Your task is to copy each line of the listing that contains the word "cases".

[[ Record set, beginning ]]

text \<open>A variable independent of a whole independent family can be adjoined to it as an
  extra member, indexed by None.\<close>

lemma (in prob_space) indep_sets_case_option:
  fixes F :: "'i \<Rightarrow> 'a \<Rightarrow> real" and Z :: "'a \<Rightarrow> real"
  assumes F: "indep_vars (\<lambda>_. borel) F UNIV"
    and Z: "random_variable borel Z"
    and indep: "indep_set (sets (vimage_algebra (space M) Z (borel :: real measure)))
         (sets (vimage_algebra (space M) (\<lambda>\<omega>. restrict (\<lambda>i. F i \<omega>) UNIV) (PiM UNIV (\<lambda>_. borel :: real measure))))"
  shows "indep_sets (case_option {Z -` A \<inter> space M | A. A \<in> sets (borel :: real measure)}
                      (\<lambda>i. {F i -` A \<inter> space M | A. A \<in> sets (borel :: real measure)})) UNIV"
    (is "indep_sets (case_option ?EZ ?EF) UNIV")
proof (rule indep_setsI)
  have F_rv: "random_variable borel (F i)" for i
    using F unfolding indep_vars_def by auto
  have F_indep: "indep_sets ?EF UNIV"
    using F unfolding indep_vars_def by (auto intro: indep_sets_mono_sets sigma_sets.Basic)
  show "case_option ?EZ ?EF j \<subseteq> events" for j
    using Z F_rv by (cases j) (auto simp: measurable_sets)
  fix A and J :: "'i option set"
  assume J: "J \<noteq> {}" "finite J" and A: "\<forall>j\<in>J. A j \<in> case_option ?EZ ?EF j"
  define J' where "J' = Some -` J"
  have "finite J'" unfolding J'_def using J(2) by (simp add: finite_vimageI)
  have A': "\<forall>j\<in>J'. A (Some j) \<in> ?EF j" using A unfolding J'_def by auto
  have prod_F: "prob (\<Inter>j\<in>J'. A (Some j)) = (\<Prod>j\<in>J'. prob (A (Some j)))" if "J' \<noteq> {}"
    using indep_setsD[OF F_indep _ that \<open>finite J'\<close> A'] by simp
  show "prob (\<Inter>j\<in>J. A j) = (\<Prod>j\<in>J. prob (A j))"
  proof (cases "None \<in> J")
    case False
    then have JJ: "J = Some ` J'" unfolding J'_def by (auto simp: image_iff) (metis option.exhaust)
    then show ?thesis using prod_F J(1) by (simp add: prod.reindex)
  next
    case True
    then have JJ: "J = insert None (Some ` J')" unfolding J'_def by (auto simp: image_iff)
    show ?thesis
    proof (cases "J' = {}")
      case False
      obtain B where B: "B \<in> sets borel" "A None = Z -` B \<inter> space M"
        using A True by fastforce
      have "A None \<in> sets (vimage_algebra (space M) Z (borel :: real measure))"
        using B by (simp add: in_vimage_algebra)
      moreover have "(\<Inter>j\<in>J'. A (Some j)) \<in> sets (vimage_algebra (space M)
          (\<lambda>\<omega>. restrict (\<lambda>i. F i \<omega>) UNIV) (PiM UNIV (\<lambda>_. borel :: real measure)))"
        using A' \<open>finite J'\<close> False
        by (intro sets.finite_INT) (force intro: preimage_in_vimage_algebra_PiM)+
      ultimately have "prob (A None \<inter> (\<Inter>j\<in>J'. A (Some j))) = prob (A None) * prob (\<Inter>j\<in>J'. A (Some j))"
        by (rule indep_setD[OF indep])
      then show ?thesis
        using prod_F[OF False] \<open>finite J'\<close> unfolding JJ by (simp add: prod.reindex)
    qed (simp add: JJ)
  qed
qed

lemma (in prob_space) indep_set_sigma_sets_disjoint:
  fixes F :: "'i \<Rightarrow> 'a \<Rightarrow> real" and Z :: "'a \<Rightarrow> real"
  assumes F: "indep_vars (\<lambda>_. borel) F UNIV"
    and Z: "random_variable borel Z"
    and indep: "indep_set (sets (vimage_algebra (space M) Z (borel :: real measure)))
         (sets (vimage_algebra (space M) (\<lambda>\<omega>. restrict (\<lambda>i. F i \<omega>) UNIV) (PiM UNIV (\<lambda>_. borel :: real measure))))"
    and disj: "I \<inter> J = {}"
  shows "indep_set
    (sigma_sets (space M) (\<Union>i\<in>I. {F i -` A \<inter> space M | A. A \<in> sets (borel :: real measure)}))
    (sigma_sets (space M) ({Z -` A \<inter> space M | A. A \<in> sets (borel :: real measure)}
       \<union> (\<Union>i\<in>J. {F i -` A \<inter> space M | A. A \<in> sets (borel :: real measure)})))"
proof -
  define E where "E = case_option {Z -` A \<inter> space M | A. A \<in> sets (borel :: real measure)}
                      (\<lambda>i. {F i -` A \<inter> space M | A. A \<in> sets (borel :: real measure)})"
  define K where "K b = (if b then Some ` I else insert None (Some ` J))" for b
  have "indep_sets (\<lambda>b. sigma_sets (space M) (\<Union>i\<in>K b. E i)) UNIV"
  proof (rule indep_sets_collect_sigma)
    show "indep_sets E (\<Union>b\<in>UNIV. K b)"
      using indep_sets_case_option[OF F Z indep] unfolding E_def
      by (rule indep_sets_mono_index[rotated]) simp
    have "Int_stable {f -` A \<inter> space M | A. A \<in> sets (borel :: real measure)}" for f :: "'a \<Rightarrow> real"
    proof (rule Int_stableI)
      fix a b assume "a \<in> {f -` A \<inter> space M | A. A \<in> sets borel}" "b \<in> {f -` A \<inter> space M | A. A \<in> sets borel}"
      then obtain A B where "A \<in> sets borel" "B \<in> sets borel" "a = f -` A \<inter> space M" "b = f -` B \<inter> space M"
        by blast
      then show "a \<inter> b \<in> {f -` A \<inter> space M | A. A \<in> sets borel}"
        by (intro CollectI exI[of _ "A \<inter> B"]) auto
    qed
    then show "Int_stable (E i)" for i
      unfolding E_def by (cases i) simp_all
    show "disjoint_family_on K UNIV"
      using disj unfolding disjoint_family_on_def K_def by auto
  qed
  moreover have "(\<lambda>b. sigma_sets (space M) (\<Union>i\<in>K b. E i)) = case_bool
      (sigma_sets (space M) (\<Union>i\<in>I. {F i -` A \<inter> space M | A. A \<in> sets (borel :: real measure)}))
      (sigma_sets (space M) ({Z -` A \<inter> space M | A. A \<in> sets (borel :: real measure)}
         \<union> (\<Union>i\<in>J. {F i -` A \<inter> space M | A. A \<in> sets (borel :: real measure)})))"
    by (auto simp: K_def E_def fun_eq_iff split: bool.split)
  ultimately show ?thesis
    unfolding indep_set_def by simp
qed

lemma measurable_garch_from:
  assumes "h0 \<in> N \<rightarrow>\<^sub>M borel"
    and "\<And>s. s < T \<Longrightarrow> eps s \<in> N \<rightarrow>\<^sub>M borel" and "\<And>s. s < T \<Longrightarrow> eta s \<in> N \<rightarrow>\<^sub>M borel"
    and "s \<le> T"
  shows "garch_from mu (garch_x a1 b1 g1 eps eta) h0 n s \<in> N \<rightarrow>\<^sub>M borel"
  using \<open>s \<le> T\<close>
proof (induction n arbitrary: s)
  case 0
  then show ?case using assms(1) by simp
next
  case (Suc n)
  have [measurable]: "eps (s - 1) \<in> N \<rightarrow>\<^sub>M borel" "eta (s - 1) \<in> N \<rightarrow>\<^sub>M borel"
      "garch_from mu (garch_x a1 b1 g1 eps eta) h0 n (s - 1) \<in> N \<rightarrow>\<^sub>M borel"
    using assms(2,3) Suc by auto
  have [measurable]: "garch_x a1 b1 g1 eps eta (s - 1) \<in> N \<rightarrow>\<^sub>M borel"
    unfolding garch_x_def by measurable
  show ?case unfolding garch_from.simps by measurable
qed

text \<open>The recursion started at \<open>h\<^sub>0\<close> only involves the innovations strictly before time \<open>s\<close>.\<close>

lemma (in prob_space) indep_var_garch_x_garch_from:
  fixes eps eta :: "int \<Rightarrow> 'a \<Rightarrow> real"
  defines "F \<equiv> \<lambda>i. case i of Inl t \<Rightarrow> eps t | Inr t \<Rightarrow> eta t"
  assumes F: "indep_vars (\<lambda>_. borel) F UNIV"
    and Z: "random_variable borel h0"
    and indep: "indep_set (sets (vimage_algebra (space M) h0 (borel :: real measure)))
         (sets (vimage_algebra (space M) (\<lambda>\<omega>. restrict (\<lambda>i. F i \<omega>) UNIV) (PiM UNIV (\<lambda>_. borel :: real measure))))"
    and "s \<le> T"
  shows "indep_var borel (garch_x a1 b1 g1 eps eta T) borel (garch_from mu (garch_x a1 b1 g1 eps eta) h0 n s)"
proof -
  define pre where "pre f = {f -` A \<inter> space M | A. A \<in> sets (borel :: real measure)}" for f :: "'a \<Rightarrow> real"
  define G1 where "G1 = (\<Union>i\<in>{Inl T, Inr T}. pre (F i))"
  define G0 where "G0 = pre h0 \<union> (\<Union>i\<in>{i. case_sum id id i < T}. pre (F i))"
  have G1: "G1 \<subseteq> Pow (space M)" and G0: "G0 \<subseteq> Pow (space M)"
    unfolding G1_def G0_def pre_def by auto
  have "indep_set (sigma_sets (space M) G1) (sigma_sets (space M) G0)"
    unfolding G1_def G0_def pre_def by (rule indep_set_sigma_sets_disjoint[OF F Z indep]) auto
  then have indep_G: "indep_set (sets (sigma (space M) G1)) (sets (sigma (space M) G0))"
    using G1 G0 by (simp add: sets_measure_of)
  have F_rv: "random_variable borel (F i)" for i
    using F unfolding indep_vars_def by auto
  have [measurable]: "eps t \<in> borel_measurable M" "eta t \<in> borel_measurable M" for t
    using F_rv[of "Inl t"] F_rv[of "Inr t"] by (simp_all add: F_def)
  have [measurable]: "eps T \<in> sigma (space M) G1 \<rightarrow>\<^sub>M borel" "eta T \<in> sigma (space M) G1 \<rightarrow>\<^sub>M borel"
    by (rule measurable_sigma_of_preimages[OF _ G1]; force simp: G1_def pre_def F_def)+
  have "garch_from mu (garch_x a1 b1 g1 eps eta) h0 n s \<in> sigma (space M) G0 \<rightarrow>\<^sub>M borel"
  proof (rule measurable_garch_from[OF _ _ _ \<open>s \<le> T\<close>])
    show "h0 \<in> sigma (space M) G0 \<rightarrow>\<^sub>M borel"
      by (rule measurable_sigma_of_preimages[OF _ G0]) (auto simp: G0_def pre_def)
    show "eps s \<in> sigma (space M) G0 \<rightarrow>\<^sub>M borel" "eta s \<in> sigma (space M) G0 \<rightarrow>\<^sub>M borel" if "s < T" for s
    proof -
      have "F i -` A \<inter> space M \<in> G0" if "A \<in> sets borel" "case_sum id id i < T" for A i
        unfolding G0_def pre_def using that by (intro UnI2 UN_I[of i]) auto
      from this[of _ "Inl s"] this[of _ "Inr s"] \<open>s < T\<close>
      show "eps s \<in> sigma (space M) G0 \<rightarrow>\<^sub>M borel" "eta s \<in> sigma (space M) G0 \<rightarrow>\<^sub>M borel"
        by (auto intro!: measurable_sigma_of_preimages[OF _ G0] simp: F_def)
    qed
  qed
  moreover have "garch_from mu (garch_x a1 b1 g1 eps eta) h0 n s \<in> borel_measurable M"
    using Z by (intro measurable_garch_from[OF _ _ _ order.refl]) auto
  moreover have "garch_x a1 b1 g1 eps eta T \<in> sigma (space M) G1 \<rightarrow>\<^sub>M borel"
    "garch_x a1 b1 g1 eps eta T \<in> borel_measurable M"
    unfolding garch_x_def by measurable
  ultimately show ?thesis
    using G1 G0 by (intro indep_var_of_indep_set[OF indep_G]) (auto simp: space_measure_of)
qed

[[ Record set, end ]]

*Solved exercise*.
    using Z F_rv by (cases j) (auto simp: measurable_sets)
  proof (cases "None \<in> J")
    proof (cases "J' = {}")
      unfolding E_def by (cases i) simp_all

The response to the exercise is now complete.